This week marking Refugee Week, it’s been difficult not to think about the refugees and asylum seekers who have largely been forgotten in the midst of the Covid-19 pandemic. Stranded far from family and friends in a strange country without any money and no roof over their head, many have had nowhere to turn.

Just two months before Covid-19 forced Britain into lockdown we, two retired academics in our 80s, welcomed into our home the wife of Tade, a refugee we have been hosting since last summer. 
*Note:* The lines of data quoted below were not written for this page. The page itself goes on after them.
(* Fix an index $j$. Define $R_{j,0}(\mathbf t;x)=\mathcal D(\mathbf t;x)$ and $R_{j,k+1}(\mathbf t;x)=\frac{\partial}{\partial t_j}R_{j,k}(\mathbf t;x)+[R_{j,k}(\mathbf t;x),R_j(\mathbf t;x)]$. Then there exist coefficients $\alpha_{j,k,1}(\mathbf t;x)$, $k=0,\dots,\dim\mathfrak g$, polynomial in $x$ and not all zero, such that $\sum_k\alpha_{j,k,1}R_{j,k}=0$ and, for every $E\in\mathfrak g$, $$\sum_{k=0}^{\dim\mathfrak g}\alpha_{j,k,1}(\mathbf t;x)\frac{\partial^k}{\partial t_j^k}W_1(\mathbf t;x.E)=0.$$
   Context: Let $G\subset GL(r,\mathbb C)$ be a complex reductive Lie group given in a faithful matrix representation, with Lie algebra $\mathfrak g\subset\mathfrak{gl}(r,\mathbb C)$; ${\rm Tr}$ is the matrix trace. Let $\mathbf t=(t_1,t_2,\dots)$ be parameters ("times") in an open set. Let $\mathcal D(\mathbf t;x)$ and $R_k(\mathbf t;x)$ be $\mathfrak g$-valued, rational in $x$ (arbitrary smooth/holomorphic dependence on $\mathbf t$), and let $\Psi(\mathbf t;x)$ be an invertible $G$-valued common solution of $\frac{\partial}{\partial x}\Psi=\mathcal D\Psi$ and $\frac{\partial}{\partial t_k}\Psi=R_k\Psi$ for all $k$. For $E\in\mathfrak g$ set $M(\mathbf t;x.E)=\Psi(\mathbf t;x)E\Psi(\mathbf t;x)^{-1}$ and $W_1(\mathbf t;x.E)={\rm Tr}\,\mathcal D(\mathbf t;x)M(\mathbf t;x.E)$. *)

theory Defs
  imports "HOL-Analysis.Analysis" "HOL-Computational_Algebra.Polynomial"
begin

type_synonym 'n cmat = "complex^'n^'n"

definition cmscale :: "complex \<Rightarrow> 'n::finite cmat \<Rightarrow> 'n cmat" where
  "cmscale c A = (\<chi> i j. c * A$i$j)"

global_interpretation cmat: vector_space "cmscale :: complex \<Rightarrow> 'n::finite cmat \<Rightarrow> 'n cmat"
  defines cmat_dim = "cmat.dim" and cmat_subspace = "cmat.subspace"
  by unfold_locales (simp_all add: cmscale_def vec_eq_iff algebra_simps)

definition mcomm :: "'n::finite cmat \<Rightarrow> 'n cmat \<Rightarrow> 'n cmat" where
  "mcomm A B = A ** B - B ** A"

primrec mpow :: "'n::finite cmat \<Rightarrow> nat \<Rightarrow> 'n cmat" where
  "mpow A 0 = mat 1"
| "mpow A (Suc k) = A ** mpow A k"

definition mexp :: "'n::finite cmat \<Rightarrow> 'n cmat" where
  "mexp A = (\<Sum>k. (1 / fact k) *\<^sub>R mpow A k)"

definition matrix_group :: "'n::finite cmat set \<Rightarrow> bool" where
  "matrix_group G \<longleftrightarrow> G \<subseteq> {A. invertible A} \<and> mat 1 \<in> G \<and>
     (\<forall>A\<in>G. \<forall>B\<in>G. A ** B \<in> G) \<and> (\<forall>A\<in>G. matrix_inv A \<in> G)"

definition lie_algebra_of :: "'n::finite cmat set \<Rightarrow> 'n cmat set" where
  "lie_algebra_of G = {X. \<forall>s::complex. mexp (cmscale s X) \<in> G}"

definition lie_subalgebra :: "'n::finite cmat set \<Rightarrow> bool" where
  "lie_subalgebra g \<longleftrightarrow> cmat_subspace g \<and> (\<forall>A\<in>g. \<forall>B\<in>g. mcomm A B \<in> g)"

definition lie_ideal :: "'n::finite cmat set \<Rightarrow> 'n cmat set \<Rightarrow> bool" where
  "lie_ideal I g \<longleftrightarrow> cmat_subspace I \<and> I \<subseteq> g \<and> (\<forall>A\<in>g. \<forall>B\<in>I. mcomm A B \<in> I)"

text \<open>Reductive Lie algebra: every ideal has a complementary ideal
  (equivalently, the adjoint representation is completely reducible).\<close>
definition reductive_lie_algebra :: "'n::finite cmat set \<Rightarrow> bool" where
  "reductive_lie_algebra g \<longleftrightarrow> lie_subalgebra g \<and>
     (\<forall>I. lie_ideal I g \<longrightarrow> (\<exists>J. lie_ideal J g \<and> I \<inter> J = {0} \<and>
          {a + b | a b. a \<in> I \<and> b \<in> J} = g))"

definition reductive_matrix_group :: "'n::finite cmat set \<Rightarrow> 'n cmat set \<Rightarrow> bool" where
  "reductive_matrix_group G g \<longleftrightarrow> matrix_group G \<and> g = lie_algebra_of G \<and> reductive_lie_algebra g"

definition mat_has_deriv :: "(complex \<Rightarrow> 'n::finite cmat) \<Rightarrow> 'n cmat \<Rightarrow> complex \<Rightarrow> bool" where
  "mat_has_deriv F D s \<longleftrightarrow> (\<forall>a b. ((\<lambda>z. F z $ a $ b) has_field_derivative D $ a $ b) (at s))"

definition pderiv_t :: "'m \<Rightarrow> (('m \<Rightarrow> complex) \<Rightarrow> 'n::finite cmat) \<Rightarrow> ('m \<Rightarrow> complex) \<Rightarrow> 'n cmat" where
  "pderiv_t j F t = (\<chi> a b. deriv (\<lambda>s. F (t(j := s)) $ a $ b) (t j))"

definition pderiv_t_iter :: "'m \<Rightarrow> nat \<Rightarrow> (('m \<Rightarrow> complex) \<Rightarrow> complex) \<Rightarrow> ('m \<Rightarrow> complex) \<Rightarrow> complex" where
  "pderiv_t_iter j k f t = (deriv ^^ k) (\<lambda>s. f (t(j := s))) (t j)"

primrec Rjk :: "(('m \<Rightarrow> complex) \<Rightarrow> complex \<Rightarrow> 'n::finite cmat) \<Rightarrow>
    ('m \<Rightarrow> ('m \<Rightarrow> complex) \<Rightarrow> complex \<Rightarrow> 'n cmat) \<Rightarrow> 'm \<Rightarrow> nat \<Rightarrow>
    ('m \<Rightarrow> complex) \<Rightarrow> complex \<Rightarrow> 'n cmat" where
  "Rjk D R j 0 = D"
| "Rjk D R j (Suc k) = (\<lambda>t x. pderiv_t j (\<lambda>t'. Rjk D R j k t' x) t + mcomm (Rjk D R j k t x) (R j t x))"

definition rational_in_x :: "('m \<Rightarrow> complex) set \<Rightarrow> complex set \<Rightarrow>
    (('m \<Rightarrow> complex) \<Rightarrow> complex \<Rightarrow> 'n::finite cmat) \<Rightarrow> bool" where
  "rational_in_x T X F \<longleftrightarrow> (\<exists>N::nat. \<forall>a b. \<exists>p q :: nat \<Rightarrow> ('m \<Rightarrow> complex) \<Rightarrow> complex.
      (\<forall>i k. \<forall>t\<in>T. (\<lambda>s. p i (t(k := s))) holomorphic_on {s. t(k := s) \<in> T} \<and>
                     (\<lambda>s. q i (t(k := s))) holomorphic_on {s. t(k := s) \<in> T}) \<and>
      (\<forall>t\<in>T. \<forall>x\<in>X. (\<Sum>i\<le>N. q i t * x ^ i) \<noteq> 0 \<and>
          F t x $ a $ b = (\<Sum>i\<le>N. p i t * x ^ i) / (\<Sum>i\<le>N. q i t * x ^ i)))"

definition holo_in_t :: "('m \<Rightarrow> complex) set \<Rightarrow> complex set \<Rightarrow>
    (('m \<Rightarrow> complex) \<Rightarrow> complex \<Rightarrow> 'n::finite cmat) \<Rightarrow> bool" where
  "holo_in_t T X F \<longleftrightarrow> (\<forall>t\<in>T. \<forall>x\<in>X. \<forall>k a b.
      (\<lambda>s. F (t(k := s)) x $ a $ b) holomorphic_on {s. t(k := s) \<in> T})"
I and my husband first met Tade in August 2019 through Refugees At Home, a national UK charity that connects people with a spare room with refugees and asylum seekers in need of accommodation. We were keen to support a refugee as we are highly aware of the difficulties of settling as a newcomer in a new land because we came to Britain in 1960 from South Africa. Our own parents had escaped poverty and persecution in Eastern Europe and landed up as Jewish refugees in South Africa. My father was one of the First World War generation who, at the age of 12, was forced to flee in order to avoid the Russian army which was forcibly conscripting any young Jewish men they caught, many no older than him. Plus I had chaired the Council for Assisting Refugee Academics (CARA) for many years, and been active in the anti-Apartheid movement. 

We warmed to Tade, a political refugee from Ethiopia, immediately, when he joined us. A dedicated marine engineer, he was forced to abandon his home country – having to make the enormously painful decision to jump ship in London with his wife Aisha (not her real name) still in Ethiopia.

Unable to find a job and with nowhere to stay, Tade landed up sleeping on trains, buses and in train stations.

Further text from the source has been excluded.